Government officials conspired with a mobster to frame 4 people for murder. One spent 33 years in jail, and another 29 years. The other two died in prison. Now, these government officials have names. They have home addresses which are known. They are free men. Why?
Why is the legal remedy only a payment by the government?
In what appears to be the largest sum of money ever awarded to people who were wrongfully convicted, a judge today ordered the federal government to pay $101.8 million to make amends for framing four men for a murder they did not commit.
Two of the men died in prison after being falsely convicted in the 1965 gangland murder. Another, Peter Limone, spent 33 years in jail before he was exonerated in 2001. The fourth, Joseph Salvati, spent 29 years in prison.

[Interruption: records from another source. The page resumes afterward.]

lemma moment_step:
  fixes \<beta> :: real
  defines "K \<equiv> green_const \<beta> DIM('a)"
  assumes \<beta>: "2 < \<beta>" "\<beta> < DIM('a)"
    and moment: "\<And>u T \<Psi>. 0 \<le> u \<Longrightarrow> finite T \<Longrightarrow> T \<subseteq> {0..u} \<Longrightarrow>
      \<Psi> \<in> borel_measurable (PiM T (\<lambda>_. borel) \<Otimes>\<^sub>M path_space) \<Longrightarrow>
      (\<integral>\<^sup>+\<omega>. \<Psi> (paths T \<omega>) * tail_occupation \<beta> u \<omega> ^ n \<partial>M)
        \<le> ennreal (fact n * K ^ n) * (\<integral>\<^sup>+\<omega>. \<Psi> (paths T \<omega>) \<partial>M)"
    and u: "0 \<le> u" and T: "finite T" "T \<subseteq> {0..u}"
    and \<Psi>: "\<Psi> \<in> borel_measurable (PiM T (\<lambda>_. borel) \<Otimes>\<^sub>M path_space)"
  shows "(\<integral>\<^sup>+\<omega>. \<Psi> (paths T \<omega>) * tail_occupation \<beta> u \<omega> ^ Suc n \<partial>M)
    \<le> ennreal (fact (Suc n) * K ^ Suc n) * (\<integral>\<^sup>+\<omega>. \<Psi> (paths T \<omega>) \<partial>M)"
proof -
  define c where "c = fact n * K ^ n"
  have K: "0 < K" and c: "0 \<le> c"
    using green_const_pos[OF \<beta>] by (simp_all add: K_def c_def)
  let ?E = "\<integral>\<^sup>+\<omega>. \<Psi> (paths T \<omega>) \<partial>M"
  have "(\<integral>\<^sup>+\<omega>. \<Psi> (paths T \<omega>) * tail_occupation \<beta> u \<omega> ^ Suc n \<partial>M)
      \<le> ennreal (real (Suc n)) * (\<integral>\<^sup>+r. (\<integral>\<^sup>+\<omega>. \<Psi> (paths T \<omega>) * (ennreal (path_decay \<beta> \<omega> r)
          * tail_occupation \<beta> r \<omega> ^ n) \<partial>M) * indicator {u..} r \<partial>lborel)"
    using T(2) by (intro nn_integral_mult_tail_occupation_Suc_le measurable_compose[OF measurable_paths \<Psi>]) auto
  also have "\<dots> \<le> ennreal (real (Suc n))
      * (\<integral>\<^sup>+r. (ennreal c * ?E) * (ennreal (heat_profile \<beta> DIM('a) (r - u)) * indicator {u..} r) \<partial>lborel)"
  proof (intro mult_left_mono nn_integral_mono)
    fix r :: real
    show "(\<integral>\<^sup>+\<omega>. \<Psi> (paths T \<omega>) * (ennreal (path_decay \<beta> \<omega> r) * tail_occupation \<beta> r \<omega> ^ n) \<partial>M)
        * indicator {u..} r \<le> (ennreal c * ?E) * (ennreal (heat_profile \<beta> DIM('a) (r - u)) * indicator {u..} r)"
    proof (cases "u \<le> r")
      case True
      then have "(\<integral>\<^sup>+\<omega>. \<Psi> (paths T \<omega>) * (ennreal (path_decay \<beta> \<omega> r) * tail_occupation \<beta> r \<omega> ^ n) \<partial>M)
          \<le> ennreal c * (ennreal (heat_profile \<beta> DIM('a) (r - u)) * ?E)"
        unfolding c_def using u T \<Psi> \<beta> by (intro moment_integrand_le[OF moment]) auto
      then show ?thesis
        using True by (simp add: mult_ac)
    qed simp
  qed simp
  also have "\<dots> = ennreal (real (Suc n)) * (ennreal c * ?E
      * (\<integral>\<^sup>+r. ennreal (heat_profile \<beta> DIM('a) (r - u)) * indicator {u..} r \<partial>lborel))"
    by (subst nn_integral_cmult) auto
  also have "\<dots> \<le> ennreal (real (Suc n)) * (ennreal c * ?E * ennreal K)"
    unfolding K_def using \<beta> by (intro mult_left_mono nn_integral_heat_profile_shift_le) auto
  also have "\<dots> = ennreal (real (Suc n) * c * K) * ?E"
    using K c by (simp add: ennreal_mult mult_ac)
  also have "real (Suc n) * c * K = fact (Suc n) * K ^ Suc n"
    by (simp add: c_def algebra_simps)
  finally show ?thesis .
qed

lemma tail_occupation_moment_le:
  fixes \<beta> :: real
  assumes "2 < \<beta>" and "\<beta> < DIM('a)" and "0 \<le> u" and "finite T" and "T \<subseteq> {0..u}"
    and "\<Psi> \<in> borel_measurable (PiM T (\<lambda>_. borel) \<Otimes>\<^sub>M path_space)"
  shows "(\<integral>\<^sup>+\<omega>. \<Psi> (paths T \<omega>) * tail_occupation \<beta> u \<omega> ^ n \<partial>M)
    \<le> ennreal (fact n * green_const \<beta> DIM('a) ^ n) * (\<integral>\<^sup>+\<omega>. \<Psi> (paths T \<omega>) \<partial>M)"
  using assms(3-)
proof (induction n arbitrary: u T \<Psi>)
  case 0
  then show ?case by simp
next
  case (Suc n)
  show ?case
    using assms(1,2) Suc.prems by (intro moment_step Suc.IH) auto
qed

lemma borel_measurable_tail_occupation_0: "tail_occupation \<beta> 0 \<in> borel_measurable M"
proof -
  have "(\<lambda>\<omega>. (\<omega>, 0 :: real)) \<in> measurable M (M \<Otimes>\<^sub>M lborel)"
    by (rule measurable_Pair2') simp
  from measurable_compose[OF this borel_measurable_tail_occupation] show ?thesis
    by simp
qed

text \<open>Khas'minskii's argument: the moment bound makes the exponential series of
  \<open>l \<cdot> tail_occupation \<beta> 0\<close> dominated by the geometric series \<open>\<Sum> (l K)^n\<close>.\<close>
lemma exp_tail_occupation_le_2:
  fixes \<beta> l :: real
  assumes "2 < \<beta>" and "\<beta> < DIM('a)" and "0 \<le> l" and "l * green_const \<beta> DIM('a) \<le> 1/2"
  shows "(\<integral>\<^sup>+\<omega>. exp_ennreal (ennreal l * tail_occupation \<beta> 0 \<omega>) \<partial>M) \<le> 2"
proof -
  define K where "K = green_const \<beta> DIM('a)"
  have K: "0 < K"
    unfolding K_def using assms green_const_pos by simp
  have moment: "(\<integral>\<^sup>+\<omega>. tail_occupation \<beta> 0 \<omega> ^ n \<partial>M) \<le> ennreal (fact n * K ^ n)" for n
    using tail_occupation_moment_le[OF assms(1,2), of 0 "{}" "\<lambda>_. 1" n]
    by (simp add: K_def emeasure_space_1)
  have F: "tail_occupation \<beta> 0 \<in> borel_measurable M"
    by (rule borel_measurable_tail_occupation_0)
  have "(\<integral>\<^sup>+\<omega>. exp_ennreal (ennreal l * tail_occupation \<beta> 0 \<omega>) \<partial>M)
      = (\<Sum>n. \<integral>\<^sup>+\<omega>. ennreal (1 / fact n) * (ennreal l * tail_occupation \<beta> 0 \<omega>) ^ n \<partial>M)"
    unfolding exp_ennreal_def
    by (intro nn_integral_suminf borel_measurable_times_ennreal borel_measurable_const
        borel_measurable_power_ennreal F)
  also have "\<dots> = (\<Sum>n. ennreal (1 / fact n) * ennreal (l ^ n) * (\<integral>\<^sup>+\<omega>. tail_occupation \<beta> 0 \<omega> ^ n \<partial>M))"
  proof (intro suminf_cong)
    fix n
    have "(\<lambda>\<omega>. ennreal (1 / fact n) * (ennreal l * tail_occupation \<beta> 0 \<omega>) ^ n)
        = (\<lambda>\<omega>. (ennreal (1 / fact n) * ennreal (l ^ n)) * tail_occupation \<beta> 0 \<omega> ^ n)"
      by (simp only: power_mult_distrib ennreal_power[OF assms(3)] mult.assoc)
    then show "(\<integral>\<^sup>+\<omega>. ennreal (1 / fact n) * (ennreal l * tail_occupation \<beta> 0 \<omega>) ^ n \<partial>M)
        = ennreal (1 / fact n) * ennreal (l ^ n) * (\<integral>\<^sup>+\<omega>. tail_occupation \<beta> 0 \<omega> ^ n \<partial>M)"
      by (simp only: nn_integral_cmult[OF borel_measurable_power_ennreal[OF F]])
  qed
  also have "\<dots> \<le> (\<Sum>n. ennreal ((l * K) ^ n))"
  proof (intro suminf_le allI)
    fix n
    have "ennreal (1 / fact n) * ennreal (l ^ n) * (\<integral>\<^sup>+\<omega>. tail_occupation \<beta> 0 \<omega> ^ n \<partial>M)
        \<le> ennreal (1 / fact n) * ennreal (l ^ n) * ennreal (fact n * K ^ n)"
      by (intro mult_left_mono moment) simp
    also have "\<dots> = ennreal ((l * K) ^ n)"
      using assms(3) K by (simp add: power_mult_distrib flip: ennreal_mult)
    finally show "ennreal (1 / fact n) * ennreal (l ^ n) * (\<integral>\<^sup>+\<omega>. tail_occupation \<beta> 0 \<omega> ^ n \<partial>M)
        \<le> ennreal ((l * K) ^ n)" .
  qed simp_all
  also have "\<dots> \<le> (\<Sum>n. ennreal ((1/2) ^ n))"
    using assms(3,4) K by (intro suminf_le allI ennreal_leI power_mono) (auto simp: K_def)
  also have "\<dots> = ennreal (\<Sum>n. (1/2) ^ n)"
    by (intro suminf_ennreal2 summable_geometric) auto
  also have "(\<Sum>n. (1/2::real) ^ n) = 2"
    using suminf_geometric[of "1/2::real"] by simp
  finally show ?thesis
    by simp
qed

lemma nn_integral_positive_part_le_tail_occupation:
  fixes \<alpha> \<beta> e :: real and g :: "'a \<times> 'a \<Rightarrow> real"
  assumes g: "\<And>x y. g (x, y) \<le> e * (if x = y then 1 else min (norm (x - y) powr (- \<alpha>)) 1)"
    and "0 \<le> e" and "\<beta> \<le> \<alpha>" and \<omega>: "\<omega> \<in> space M"
  shows "(\<integral>\<^sup>+s. ennreal (max (g (B s \<omega>, B' s \<omega>)) 0) * indicator {0..} s \<partial>lborel)
    \<le> ennreal e * tail_occupation \<beta> 0 \<omega>"
proof -
  have "(\<integral>\<^sup>+s. ennreal (max (g (B s \<omega>, B' s \<omega>)) 0) * indicator {0..} s \<partial>lborel)
      \<le> (\<integral>\<^sup>+s. ennreal e * (ennreal (path_decay \<beta> \<omega> s) * indicator {0..} s) \<partial>lborel)"
  proof (intro nn_integral_mono)
    fix s :: real
    show "ennreal (max (g (B s \<omega>, B' s \<omega>)) 0) * indicator {0..} s
        \<le> ennreal e * (ennreal (path_decay \<beta> \<omega> s) * indicator {0..} s)"
    proof (cases "0 \<le> s")
      case True
      have "g (B s \<omega>, B' s \<omega>) \<le> e * path_decay \<beta> \<omega> s"
        using g[of "B s \<omega>" "B' s \<omega>"] unfolding path_decay_def max_absorb2[OF True]
        by (rule order_trans) (intro mult_left_mono cutoff_powr_le_polydecay assms(2,3))
      then have "max (g (B s \<omega>, B' s \<omega>)) 0 \<le> e * path_decay \<beta> \<omega> s"
        using assms(2) by (simp add: path_decay_def polydecay_nonneg)
      then show ?thesis
        using True assms(2) by (simp add: ennreal_leI flip: ennreal_mult')
    qed simp
  qed
  also have "\<dots> = ennreal e * tail_occupation \<beta> 0 \<omega>"
  proof -
    have "(\<lambda>s. ennreal (path_decay \<beta> \<omega> s)) \<in> borel_measurable lborel"
      using borel_measurable_continuous_onI[OF continuous_on_path_decay[OF \<omega>]] by simp
    then show ?thesis
      unfolding tail_occupation_def
      by (intro nn_integral_cmult borel_measurable_times_ennreal borel_measurable_indicator) auto
  qed
  finally show ?thesis .
qed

“It took 30 years to uncover this injustice,” Federal District Judge Nancy Gertner said in announcing her decision. She said the case was about “the framing of innocent men,” adding that F.B.I. officials allowed their employees up the line to ruin lives.”
The men were exonerated after the discovery of secret F.B.I. memos that were never turned over to state prosecutors or defense lawyers during the trial in 1968. The memos indicated that the government’s key witness, a hit man for the mob named Joseph “The Animal” Barboza, had lied when he said the four men had killed the victim, a low-level mobster, Edward Deegan, known as Teddy.
Mr. Barboza’s motivation was to protect the real killer, and F.B.I. officials went along, the memos suggested, because Mr. Barboza had been helping them solve cases and because the killer, Vincent Flemmi, was an F.B.I. informant.
In her decision today, Judge Gertner forcefully criticized the F.B.I. and the argument made by Justice Department lawyers that federal authorities were not required to share information with state prosecutors, and were not responsible for the results of a state prosecution.
“The government’s position is, in a word, absurd,” Judge Gertner said.